The fact that NK cell defects observed in MDS can be partly due to the oncogenic mutations at the origin of the disease could suggest that both events (i.e. mutations in MDS cells and NK cells) may synergize to sustain the emergence of myeloid malignancies. Abnormalities in NK cell phenotype and function could reduce the antitumor immuno-surveillance efficacy and allow the survival of potential pre-leukemic progenitors. Notably, NK-cell perturbations in MDS patients including reduction of activating NK receptors, such as NKp30, DNAM-1, and NKG2D, and impaired cytotoxicity, have already been reported12,15,30. KIR genotype has also been associated with clinical outcomes31. Our data suggest that these observations should be reinterpreted based on patient mutation profiles, especially for mutations associated with TET2 or IDH1/2 genes. In line with this comment, dissecting the specific role of TET2 in NK cells by contrast to other mutated genes commonly found in MDS or clonal hematopoiesis will require further investigations, which could be decisive in our comprehension of the disease and its treatments. Whether NK-cell function could be associated with a particular mutation landscape may have important consequences in developing NK-cell-based immunotherapeutic intervention. In that context, using autologous NK cells or attempting to rescue NK cell function in MDS patients may be impeded. Combining such therapeutic strategies with the use of HMA could provide a relevant option.

Loss-of-function somatic mutations in TET2 are strongly associated with hematological malignancies, including myeloid, T- and B-cell malignancies and chronic lymphoproliferative disorders of NK cells (CLPD-NK)3234. Germline mutations in TET2 have been also associated with lymphoma35,36. Here, we found that TET2 mutation in NK cells from MDS patients, with or without additional mutated genes, does not seem to affect NK cells from the oncogenic point of view (i.e. NK cells were not leukemic) but alters their phenotype and function. This raises the question of the requirement of other mutated genes, in addition to TET2, in order to induce malignant hemopathies and how these mutation profiles can be specific to lymphoid or myeloid malignancies.

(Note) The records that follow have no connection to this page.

lemma limsup_half_density_bounds:
  assumes "\<And>n. c n \<le> n"
  shows "0 \<le> limsup (\<lambda>n. ereal (real (c n) / (2 * real n)))"
    and "limsup (\<lambda>n. ereal (real (c n) / (2 * real n))) \<le> ereal (1/2)"
proof -
  let ?f = "\<lambda>n. ereal (real (c n) / (2 * real n))"
  have "0 \<le> liminf ?f" by (intro Liminf_bounded always_eventually) simp
  then show "0 \<le> limsup ?f" using Liminf_le_Limsup[of sequentially ?f] by simp
  have "?f n \<le> ereal (1/2)" for n
    using assms[of n] by (cases "n = 0") (simp_all add: field_simps)
  then show "limsup ?f \<le> ereal (1/2)" by (intro Limsup_bounded always_eventually) auto
qed

lemma ereal_half_upper_density:
  assumes "\<And>n. c n \<le> n"
  shows "ereal (half_upper_density c) = limsup (\<lambda>n. ereal (real (c n) / (2 * real n)))"
  using limsup_half_density_bounds[OF assms] unfolding half_upper_density_def
  by (cases "limsup (\<lambda>n. ereal (real (c n) / (2 * real n)))") auto

lemma half_upper_density_nonneg:
  assumes "\<And>n. c n \<le> n"
  shows "0 \<le> half_upper_density c"
  using limsup_half_density_bounds(1)[OF assms] by (simp flip: ereal_half_upper_density[OF assms])

lemma half_upper_density_mono:
  assumes "\<And>n. c n \<le> c' n" "\<And>n. c' n \<le> n"
  shows "half_upper_density c \<le> half_upper_density c'"
proof -
  have "\<And>n. c n \<le> n" using assms le_trans by blast
  moreover have "limsup (\<lambda>n. ereal (real (c n) / (2 * real n)))
      \<le> limsup (\<lambda>n. ereal (real (c' n) / (2 * real n)))"
    using assms(1) by (intro Limsup_mono always_eventually) (auto intro!: divide_right_mono)
  ultimately have "ereal (half_upper_density c) \<le> ereal (half_upper_density c')"
    using assms(2) by (simp only: ereal_half_upper_density)
  then show ?thesis by simp
qed
lemma F_linear_imp_skew_op:
  assumes l: "F_linear F f" shows "\<exists>a0 a1 a2. f = op a0 a1 a2"
proof -
  obtain b1 b2 b3 where b1: "b1 \<noteq> 0"
    and rep: "\<And>x. \<exists>c1\<in>F. \<exists>c2\<in>F. \<exists>c3\<in>F. x = c1*b1 + c2*b2 + c3*b3"
    using basis_exists by blast
  have agree: "h x = h' x" if "F_linear F h" "F_linear F h'"
    and "h b1 = h' b1" "h b2 = h' b2" "h b3 = h' b3" for h h' x
  proof -
    obtain c1 c2 c3 where "c1 \<in> F" "c2 \<in> F" "c3 \<in> F" "x = c1*b1 + c2*b2 + c3*b3"
      using rep by blast
    with that show ?thesis unfolding F_linear_def by simp
  qed
  have "\<exists>a0 a1 a2. op a0 a1 a2 b1 = f b1 \<and> op a0 a1 a2 b2 = f b2 \<and> op a0 a1 a2 b3 = f b3"
    unfolding skew_op_def
  proof (rule linear_system3_solvable[OF b1])
    fix a0 a1 a2
    assume zero: "a0 * b1 + a1 * \<tau> b1 + a2 * \<tau> (\<tau> b1) = 0"
      "a0 * b2 + a1 * \<tau> b2 + a2 * \<tau> (\<tau> b2) = 0" "a0 * b3 + a1 * \<tau> b3 + a2 * \<tau> (\<tau> b3) = 0"
    have "op a0 a1 a2 x = op 0 0 0 x" for x
      by (rule agree[OF F_linear_skew_op F_linear_skew_op]) (simp_all add: skew_op_def zero)
    thus "a0 = 0 \<and> a1 = 0 \<and> a2 = 0" by (intro dedekind_independence) (simp add: skew_op_def)
  qed
  then obtain a0 a1 a2 where a: "op a0 a1 a2 b1 = f b1" "op a0 a1 a2 b2 = f b2" "op a0 a1 a2 b3 = f b3"
    by blast
  have "f x = op a0 a1 a2 x" for x by (rule agree[OF l F_linear_skew_op]) (simp_all add: a)
  thus ?thesis by blast
qed

lemma nrd_A0_mult:
  "nrd_A0 \<tau> (a0*h0 + a1*\<tau> h2 + a2*\<tau>(\<tau> h1)) (a0*h1 + a1*\<tau> h0 + a2*\<tau>(\<tau> h2))
      (a0*h2 + a1*\<tau> h1 + a2*\<tau>(\<tau> h0))
   = nrd_A0 \<tau> a0 a1 a2 * nrd_A0 \<tau> h0 h1 h2"
  unfolding nrd_A0_def det3_def by (simp only: tau_add tau_mult tau_cube) algebra

lemma nrd_A0_one: "nrd_A0 \<tau> 1 0 0 = 1"
  unfolding nrd_A0_def det3_def by (simp add: tau_zero tau_one)

text \<open>The witness is the adjugate of a0 + a1 t + a2 t^2 in A0.\<close>

lemma skew_op_adjugate:
  "\<exists>h0 h1 h2. \<forall>x. op a0 a1 a2 (op h0 h1 h2 x) = nrd_A0 \<tau> a0 a1 a2 * x \<and>
                  op h0 h1 h2 (op a0 a1 a2 x) = nrd_A0 \<tau> a0 a1 a2 * x"
proof (intro exI allI conjI)
  fix x
  let ?h0 = "\<tau> a0 * \<tau> (\<tau> a0) - \<tau> a1 * \<tau> (\<tau> a2)"
  and ?h1 = "a2 * \<tau> (\<tau> a2) - a1 * \<tau> (\<tau> a0)" and ?h2 = "a1 * \<tau> a1 - a2 * \<tau> a0"
  show "op a0 a1 a2 (op ?h0 ?h1 ?h2 x) = nrd_A0 \<tau> a0 a1 a2 * x"
    unfolding skew_op_comp unfolding skew_op_def nrd_A0_def det3_def
    by (simp only: tau_add tau_mult tau_cube tau_diff) algebra
  show "op ?h0 ?h1 ?h2 (op a0 a1 a2 x) = nrd_A0 \<tau> a0 a1 a2 * x"
    unfolding skew_op_comp unfolding skew_op_def nrd_A0_def det3_def by algebra
qed

lemma bij_skew_op_iff: "bij (op a0 a1 a2) \<longleftrightarrow> nrd_A0 \<tau> a0 a1 a2 \<noteq> 0"
proof
  assume b: "bij (op a0 a1 a2)"
  hence "op a0 a1 a2 \<in> GL F" using F_linear_skew_op by (simp add: GL_def)
  hence "inv (op a0 a1 a2) \<in> GL F" by (rule GL_inv)
  then obtain h0 h1 h2 where h: "inv (op a0 a1 a2) = op h0 h1 h2"
    using F_linear_imp_skew_op unfolding GL_def by blast
  have "op a0 a1 a2 (inv (op a0 a1 a2) x) = x" for x using b by (simp add: bij_is_surj surj_f_inv_f)
  hence "op (a0*h0 + a1*\<tau> h2 + a2*\<tau>(\<tau> h1)) (a0*h1 + a1*\<tau> h0 + a2*\<tau>(\<tau> h2))
      (a0*h2 + a1*\<tau> h1 + a2*\<tau>(\<tau> h0)) = op 1 0 0"
    unfolding h skew_op_comp[symmetric] by (auto simp: skew_op_def)
  from skew_op_inject[OF this] have "nrd_A0 \<tau> a0 a1 a2 * nrd_A0 \<tau> h0 h1 h2 = 1"
    using nrd_A0_mult[of a0 h0 a1 h2 a2 h1] nrd_A0_one by simp
  thus "nrd_A0 \<tau> a0 a1 a2 \<noteq> 0" by auto
next
  assume n: "nrd_A0 \<tau> a0 a1 a2 \<noteq> 0"
  obtain h0 h1 h2 where h: "\<And>x. op a0 a1 a2 (op h0 h1 h2 x) = nrd_A0 \<tau> a0 a1 a2 * x"
    "\<And>x. op h0 h1 h2 (op a0 a1 a2 x) = nrd_A0 \<tau> a0 a1 a2 * x"
    using skew_op_adjugate by blast
  show "bij (op a0 a1 a2)"
  proof (rule bijI)
    show "inj (op a0 a1 a2)" by (rule injI) (metis h(2) n mult_cancel_left)
    show "surj (op a0 a1 a2)"
      by (rule surjI[of _ "\<lambda>x. op h0 h1 h2 (x / nrd_A0 \<tau> a0 a1 a2)"]) (simp add: h(1) n)
  qed
qed

lemma GL_skew_op_iff: "op a0 a1 a2 \<in> GL F \<longleftrightarrow> nrd_A0 \<tau> a0 a1 a2 \<noteq> 0"
  using F_linear_skew_op bij_skew_op_iff by (simp add: GL_def)

lemma nrd_A0_1: "nrd_A0 \<tau> 1 y1 y2 = 1 + (nrm \<tau> y1 + nrm \<tau> y2 - trc \<tau> (\<tau> y1 * \<tau> (\<tau> y2)))"
  unfolding nrd_A0_def det3_def nrm_def trc_def by (simp only: tau_one tau_mult tau_cube) algebra

lemma nrd_A0_0: "nrd_A0 \<tau> 0 y1 y2 = nrm \<tau> y1 + nrm \<tau> y2"
  unfolding nrd_A0_def det3_def nrm_def by (simp add: tau_zero)

lemma nrm_zero: "nrm \<tau> 0 = 0" by (simp add: nrm_def)

lemma trc_zero: "trc \<tau> 0 = 0" by (simp add: trc_def tau_zero)

lemma nrm_eq_0_iff: "nrm \<tau> y = 0 \<longleftrightarrow> y = 0"
  unfolding nrm_def by (simp add: tau_eq_0_iff)

lemma nrm_tau: "nrm \<tau> (\<tau> y) = nrm \<tau> y"
  unfolding nrm_def by (simp add: tau_cube algebra_simps)

lemma nrm_inverse: "nrm \<tau> (inverse x) = inverse (nrm \<tau> x)"
  unfolding nrm_def by (simp add: tau_inverse)

lemma one_in_M: "1 \<in> M" and M_nonzero: "m \<in> M \<Longrightarrow> m \<noteq> 0"
  using reps unfolding reps_def by auto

Intriguingly, we noticed that TET2 mutations in NK cells trended to increase methylation together on the gene body and its flanking regions, at least for genes involved in NK cell function. TET2 has been reported as preferentially targeting regulatory enhancers in hematopoietic and myeloid cells, notably to facilitate the recruitment of transcription factors24,27. However, gene bodies and other genomic regions can be also, although in a less efficient manner, targeted by TET224. In addition, our results could suggest that key genes for NK cell function, including KIR and PRF1, are regulated in a coordinated manner by TET2 and more generally DNA methylation. If it is confirmed, this hypothesis would point out TET2 as a master regulator in NK cell development and education. It remains to be investigated whether and how genomic DNA methylation by TET2 is differentially regulated in NK cells, compared to myeloid subsets, due to differences in chromatin modification and accessibility or in the timing of TET2 expression during NK-cell lymphopoiesis.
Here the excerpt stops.